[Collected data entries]
(* Let $A$ be a finite set. The family $\mathscr U_A=\{U(\overset{*}{<})\}_{\overset{*}{<}\in R^+(A)}$ is a proper $\Sigma_A$-equivariant, good and complete open cover of the ordered configuration space $\mathrm{OConf}(A,\mathbb R^2)=\{f:A\to\mathbb R^2\mid f\text{ injective}\}$.
   Context: A strict partial order is a transitive irreflexive relation; it is semi-linear if it is induced by a surjection $h:A\to\{1,\dots,l\}$ (i.e. $a<b$ iff $h(a)<h(b)$). $<_1\bar\cup<_2$ denotes the transitive closure of the union. A double order on $A$ is a pair $\overset{*}{<}=(\overset{x}{<},\overset{y}{<})$ of strict partial orders such that any two distinct elements are comparable by $\overset{x}{<}$ or by $\overset{y}{<}$; regular if $\overset{x}{<}$ is semi-linear and $a\overset{x}{<}b$ implies $a,b$ are not $\overset{y}{<}$-comparable; semi-regular if it is the componentwise $\bar\cup$ of finitely many regular double orders. $R^+(A)$ is the set of semi-regular double orders. For a double order, $U(\overset{*}{<})=\{(f_x,f_y):A\to\mathbb R^2\mid a\overset{x}{<}b\Rightarrow f_x(a)<f_x(b),\ a\overset{y}{<}b\Rightarrow f_y(a)<f_y(b)\}$. $\Sigma_A$ acts on $\mathrm{OConf}(A,\mathbb R^2)$ by precomposition and on double orders by $(\overset{x}{<},\overset{y}{<})\sigma=(\overset{x}{<}\sigma,\overset{y}{<}\sigma)$, $a(\overset{x}{<}\sigma)b$ iff $\sigma(a)\overset{x}{<}\sigma(b)$ (similarly for $y$). A cover $\{U_i\}_{i\in I}$ is $G$-equivariant if $G$ acts on $I$ with $U_ig=U_{ig}$; proper if additionally $U_i\cap U_{ig}=\emptyset$ for $g\ne1$; good if all non-empty intersections are contractible; complete if closed under non-empty intersections. *)

theory Defs
  imports "HOL-Analysis.Analysis" "HOL-Combinatorics.Permutations"
begin

definition strict_po :: "'a set \<Rightarrow> 'a rel \<Rightarrow> bool" where
  "strict_po A r \<longleftrightarrow> r \<subseteq> A \<times> A \<and> trans r \<and> (\<forall>a. (a, a) \<notin> r)"

definition semi_linear :: "'a set \<Rightarrow> 'a rel \<Rightarrow> bool" where
  "semi_linear A r \<longleftrightarrow> r \<subseteq> A \<times> A \<and>
     (\<exists>(h :: 'a \<Rightarrow> nat) l. h ` A = {1..l} \<and> (\<forall>a\<in>A. \<forall>b\<in>A. (a, b) \<in> r \<longleftrightarrow> h a < h b))"

text \<open>Double orders: pairs (x-order, y-order).\<close>
definition double_order :: "'a set \<Rightarrow> 'a rel \<times> 'a rel \<Rightarrow> bool" where
  "double_order A d \<longleftrightarrow> strict_po A (fst d) \<and> strict_po A (snd d) \<and>
     (\<forall>a\<in>A. \<forall>b\<in>A. a \<noteq> b \<longrightarrow>
        (a, b) \<in> fst d \<or> (b, a) \<in> fst d \<or> (a, b) \<in> snd d \<or> (b, a) \<in> snd d)"

definition regular_double_order :: "'a set \<Rightarrow> 'a rel \<times> 'a rel \<Rightarrow> bool" where
  "regular_double_order A d \<longleftrightarrow> double_order A d \<and> semi_linear A (fst d) \<and>
     (\<forall>a b. (a, b) \<in> fst d \<longrightarrow> (a, b) \<notin> snd d \<and> (b, a) \<notin> snd d)"

definition semi_regular :: "'a set \<Rightarrow> 'a rel \<times> 'a rel \<Rightarrow> bool" where
  "semi_regular A d \<longleftrightarrow> double_order A d \<and>
     (\<exists>S. finite S \<and> S \<noteq> {} \<and> (\<forall>e\<in>S. regular_double_order A e) \<and>
          d = (trancl (\<Union>(fst ` S)), trancl (\<Union>(snd ` S))))"

definition Rplus :: "'a set \<Rightarrow> ('a rel \<times> 'a rel) set" where
  "Rplus A = {d. semi_regular A d}"

definition OConf :: "'a set \<Rightarrow> ('a \<Rightarrow> real \<times> real) set" where
  "OConf A = {f \<in> PiE A (\<lambda>_. UNIV). inj_on f A}"

definition Uset :: "'a set \<Rightarrow> 'a rel \<times> 'a rel \<Rightarrow> ('a \<Rightarrow> real \<times> real) set" where
  "Uset A d = {f \<in> PiE A (\<lambda>_. UNIV).
      (\<forall>a b. (a, b) \<in> fst d \<longrightarrow> fst (f a) < fst (f b)) \<and>
      (\<forall>a b. (a, b) \<in> snd d \<longrightarrow> snd (f a) < snd (f b))}"

definition confspace :: "'a set \<Rightarrow> ('a \<Rightarrow> real \<times> real) topology" where
  "confspace A = product_topology (\<lambda>_. euclidean) A"

definition dact :: "'a rel \<times> 'a rel \<Rightarrow> ('a \<Rightarrow> 'a) \<Rightarrow> 'a rel \<times> 'a rel" where
  "dact d \<sigma> = ({(a, b). (\<sigma> a, \<sigma> b) \<in> fst d}, {(a, b). (\<sigma> a, \<sigma> b) \<in> snd d})"

definition cact :: "('a \<Rightarrow> real \<times> real) \<Rightarrow> ('a \<Rightarrow> 'a) \<Rightarrow> ('a \<Rightarrow> real \<times> real)" where
  "cact f \<sigma> = f \<circ> \<sigma>"

end

theory Submission
  imports Defs
begin

(* Each U(d) is cut out of (R^2)^A by finitely many strict coordinate inequalities, so it is open
   and convex, hence contractible. An injective configuration f lies in U of its lexicographic double
   order (first by x, then by y among equal x), which is regular; conversely a double order forces
   injectivity. An intersection of U(d), d in J, is U of the componentwise transitive closure of the
   union of J, and this is again semi-regular, generated by the union of the generating sets.
   Permutations act on double orders by pulling back, compatibly with all of this.
   Properness reduces to a regular e: if f and f o sigma both lie in U(e), a counting argument shows
   that sigma preserves the levels of the semi-linear x-order and then, inside a level, where the
   y-order is total, fixes every point. *)

definition induced_less :: "('a \<Rightarrow> 'b::order) \<Rightarrow> 'a rel" where
  "induced_less \<phi> = {(a, b). \<phi> a < \<phi> b}"

lemma in_induced_less [simp]: "(a, b) \<in> induced_less \<phi> \<longleftrightarrow> \<phi> a < \<phi> b"
  by (simp add: induced_less_def)

lemma trans_induced_less: "trans (induced_less \<phi>)"
  by (auto intro: transI order_less_trans)

lemma trancl_subset_trans_iff: "trans S \<Longrightarrow> R\<^sup>+ \<subseteq> S \<longleftrightarrow> R \<subseteq> S"
  by (metis order_trans trancl_id trancl_incr trancl_mono_subset)

lemma trancl_UN_trancl: "(\<Union>i\<in>I. (F i)\<^sup>+)\<^sup>+ = (\<Union>i\<in>I. F i)\<^sup>+"
proof
  show "(\<Union>i\<in>I. F i)\<^sup>+ \<subseteq> (\<Union>i\<in>I. (F i)\<^sup>+)\<^sup>+"
    by (intro trancl_mono_subset) auto
  show "(\<Union>i\<in>I. (F i)\<^sup>+)\<^sup>+ \<subseteq> (\<Union>i\<in>I. F i)\<^sup>+"
    by (subst trancl_subset_trans_iff) (auto intro: trancl_mono)
qed

lemma trancl_inv_image_bij:
  assumes "bij \<sigma>"
  shows "(inv_image R \<sigma>)\<^sup>+ = inv_image (R\<^sup>+) \<sigma>"
proof
  show "(inv_image R \<sigma>)\<^sup>+ \<subseteq> inv_image (R\<^sup>+) \<sigma>"
    by (simp add: trancl_subset_trans_iff trans_inv_image) (auto simp: inv_image_def)
  have inv_pair: "(inv \<sigma> x, inv \<sigma> y) \<in> (inv_image R \<sigma>)\<^sup>+" if "(x, y) \<in> R\<^sup>+" for x y
    using that
  proof (induction rule: trancl_induct)
    case (base y)
    then show ?case by (intro r_into_trancl) (simp add: surj_f_inv_f[OF bij_is_surj[OF assms]])
  next
    case (step y z)
    then show ?case by (metis assms bij_inv_eq_iff in_inv_image trancl.trancl_into_trancl)
  qed
  show "inv_image (R\<^sup>+) \<sigma> \<subseteq> (inv_image R \<sigma>)\<^sup>+"
  proof clarify
    fix a b assume "(a, b) \<in> inv_image (R\<^sup>+) \<sigma>"
    then show "(a, b) \<in> (inv_image R \<sigma>)\<^sup>+"
      using inv_pair[of "\<sigma> a" "\<sigma> b"] by (simp add: inv_f_f[OF bij_is_inj[OF assms]])
  qed
qed

lemma Uset_iff:
  "f \<in> Uset A d \<longleftrightarrow>
     f \<in> A \<rightarrow>\<^sub>E UNIV \<and> fst d \<subseteq> induced_less (fst \<circ> f) \<and> snd d \<subseteq> induced_less (snd \<circ> f)"
  by (auto simp: Uset_def)

definition double_join :: "('a rel \<times> 'a rel) set \<Rightarrow> 'a rel \<times> 'a rel" where
  "double_join S = ((\<Union>(fst ` S))\<^sup>+, (\<Union>(snd ` S))\<^sup>+)"

lemma semi_regular_iff:
  "semi_regular A d \<longleftrightarrow> double_order A d \<and>
     (\<exists>S. finite S \<and> S \<noteq> {} \<and> (\<forall>e\<in>S. regular_double_order A e) \<and> d = double_join S)"
  by (simp add: semi_regular_def double_join_def)

lemma Uset_double_join:
  assumes "S \<noteq> {}"
  shows "Uset A (double_join S) = (\<Inter>d\<in>S. Uset A d)"
proof -
  have "f \<in> Uset A (double_join S) \<longleftrightarrow> (\<forall>d\<in>S. f \<in> Uset A d)" for f
    using assms
    by (simp add: Uset_iff double_join_def trancl_subset_trans_iff trans_induced_less UN_subset_iff) blast
  then show ?thesis by blast
qed

lemma double_join_image_double_join: "double_join (double_join ` \<S>) = double_join (\<Union>\<S>)"
proof -
  have "(\<Union>S\<in>\<S>. (\<Union>(p ` S))\<^sup>+)\<^sup>+ = (\<Union>(p ` \<Union>\<S>))\<^sup>+" for p :: "'a rel \<times> 'a rel \<Rightarrow> 'a rel"
    by (simp add: trancl_UN_trancl)
  then show ?thesis by (simp add: double_join_def image_image)
qed

lemma Uset_subset_OConf:
  assumes "double_order A d"
  shows "Uset A d \<subseteq> OConf A"
proof
  fix f assume f: "f \<in> Uset A d"
  have "f a \<noteq> f b" if "a \<in> A" "b \<in> A" "a \<noteq> b" for a b
  proof -
    have "(a, b) \<in> fst d \<or> (b, a) \<in> fst d \<or> (a, b) \<in> snd d \<or> (b, a) \<in> snd d"
      using assms that by (simp add: double_order_def)
    then show ?thesis
      using f unfolding Uset_iff by (auto dest: subsetD)
  qed
  then show "f \<in> OConf A"
    using f by (auto simp: OConf_def Uset_def inj_on_def)
qed

lemma double_order_double_join:
  assumes "d0 \<in> S" and "\<And>d. d \<in> S \<Longrightarrow> double_order A d" and "Uset A (double_join S) \<noteq> {}"
  shows "double_order A (double_join S)"
proof -
  obtain f where f: "f \<in> Uset A (double_join S)"
    using assms(3) by blast
  have "\<Union>(fst ` S) \<subseteq> A \<times> A" "\<Union>(snd ` S) \<subseteq> A \<times> A"
    using assms(2) by (fastforce simp: double_order_def strict_po_def)+
  moreover have "(a, a) \<notin> fst (double_join S)" "(a, a) \<notin> snd (double_join S)" for a
    using f by (auto simp: Uset_def)
  ultimately have "strict_po A (fst (double_join S))" "strict_po A (snd (double_join S))"
    by (simp_all add: strict_po_def double_join_def trancl_subset_Sigma)
  moreover have "fst d0 \<subseteq> fst (double_join S)" "snd d0 \<subseteq> snd (double_join S)"
    using assms(1) by (auto simp: double_join_def)
  ultimately show ?thesis
    using assms(2)[OF assms(1)] unfolding double_order_def by blast
qed

lemma semi_regular_if_regular:
  assumes "regular_double_order A e"
  shows "semi_regular A e"
proof -
  have "double_order A e"
    using assms by (simp add: regular_double_order_def)
  then have "double_join {e} = e"
    by (simp add: double_join_def double_order_def strict_po_def)
  then show ?thesis
    using assms \<open>double_order A e\<close> unfolding semi_regular_iff
    by (metis finite.emptyI finite_insert insert_not_empty singletonD)
qed

lemma semi_regular_double_join:
  assumes "finite J" "J \<noteq> {}" "\<And>d. d \<in> J \<Longrightarrow> semi_regular A d" "Uset A (double_join J) \<noteq> {}"
  shows "semi_regular A (double_join J)"
proof -
  obtain gen where gen: "\<And>d. d \<in> J \<Longrightarrow> finite (gen d) \<and> gen d \<noteq> {} \<and>
      (\<forall>e\<in>gen d. regular_double_order A e) \<and> d = double_join (gen d)"
    using assms(3) unfolding semi_regular_iff by metis
  have "J = double_join ` gen ` J"
    using gen by (force simp: image_image)
  then have "double_join J = double_join (\<Union>(gen ` J))"
    by (metis double_join_image_double_join)
  moreover have "double_order A (double_join J)"
    using assms(2-4) double_order_double_join semi_regular_def by blast
  moreover have "finite (\<Union>(gen ` J))" "\<Union>(gen ` J) \<noteq> {}"
    "\<forall>e\<in>\<Union>(gen ` J). regular_double_order A e"
    using gen assms(1,2) by auto
  ultimately show ?thesis
    unfolding semi_regular_iff by (intro conjI exI[of _ "\<Union>(gen ` J)"]) simp_all
qed

lemma dact_eq_inv_image: "dact d \<sigma> = (inv_image (fst d) \<sigma>, inv_image (snd d) \<sigma>)"
  by (simp add: dact_def inv_image_def)

lemma strict_po_inv_image:
  assumes "strict_po A r" "\<sigma> permutes A"
  shows "strict_po A (inv_image r \<sigma>)"
  using assms by (auto simp: strict_po_def trans_inv_image permutes_in_image)

lemma double_order_dact:
  assumes "double_order A d" "\<sigma> permutes A"
  shows "double_order A (dact d \<sigma>)"
proof -
  have "\<sigma> a \<noteq> \<sigma> b" if "a \<noteq> b" for a b
    using that permutes_inj[OF assms(2)] by (auto dest: injD)
  then show ?thesis
    using assms by (simp add: double_order_def dact_eq_inv_image strict_po_inv_image permutes_in_image)
qed

lemma semi_linear_inv_image:
  assumes "semi_linear A r" "strict_po A r" "\<sigma> permutes A"
  shows "semi_linear A (inv_image r \<sigma>)"
proof -
  obtain h :: "'a \<Rightarrow> nat" and l where h: "h ` A = {1..l}" "\<forall>a\<in>A. \<forall>b\<in>A. (a, b) \<in> r \<longleftrightarrow> h a < h b"
    using assms(1) unfolding semi_linear_def by blast
  have "(h \<circ> \<sigma>) ` A = {1..l}"
    by (metis h(1) image_comp permutes_image[OF assms(3)])
  moreover have "\<forall>a\<in>A. \<forall>b\<in>A. (a, b) \<in> inv_image r \<sigma> \<longleftrightarrow> (h \<circ> \<sigma>) a < (h \<circ> \<sigma>) b"
    using h(2) by (simp add: permutes_in_image[OF assms(3)])
  moreover have "inv_image r \<sigma> \<subseteq> A \<times> A"
    using strict_po_inv_image[OF assms(2,3)] by (simp add: strict_po_def)
  ultimately show ?thesis
    unfolding semi_linear_def by blast
qed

What to produce: Whenever a line in the entries above includes the word "open", pull that line out.

Exercise response:
(* Let $A$ be a finite set. The family $\mathscr U_A=\{U(\overset{*}{<})\}_{\overset{*}{<}\in R^+(A)}$ is a proper $\Sigma_A$-equivariant, good and complete open cover of the ordered configuration space $\mathrm{OConf}(A,\mathbb R^2)=\{f:A\to\mathbb R^2\mid f\text{ injective}\}$.
text \<open>Double orders: pairs (x-order, y-order).\<close>
(* Each U(d) is cut out of (R^2)^A by finitely many strict coordinate inequalities, so it is open
    using assms \<open>double_order A e\<close> unfolding semi_regular_iff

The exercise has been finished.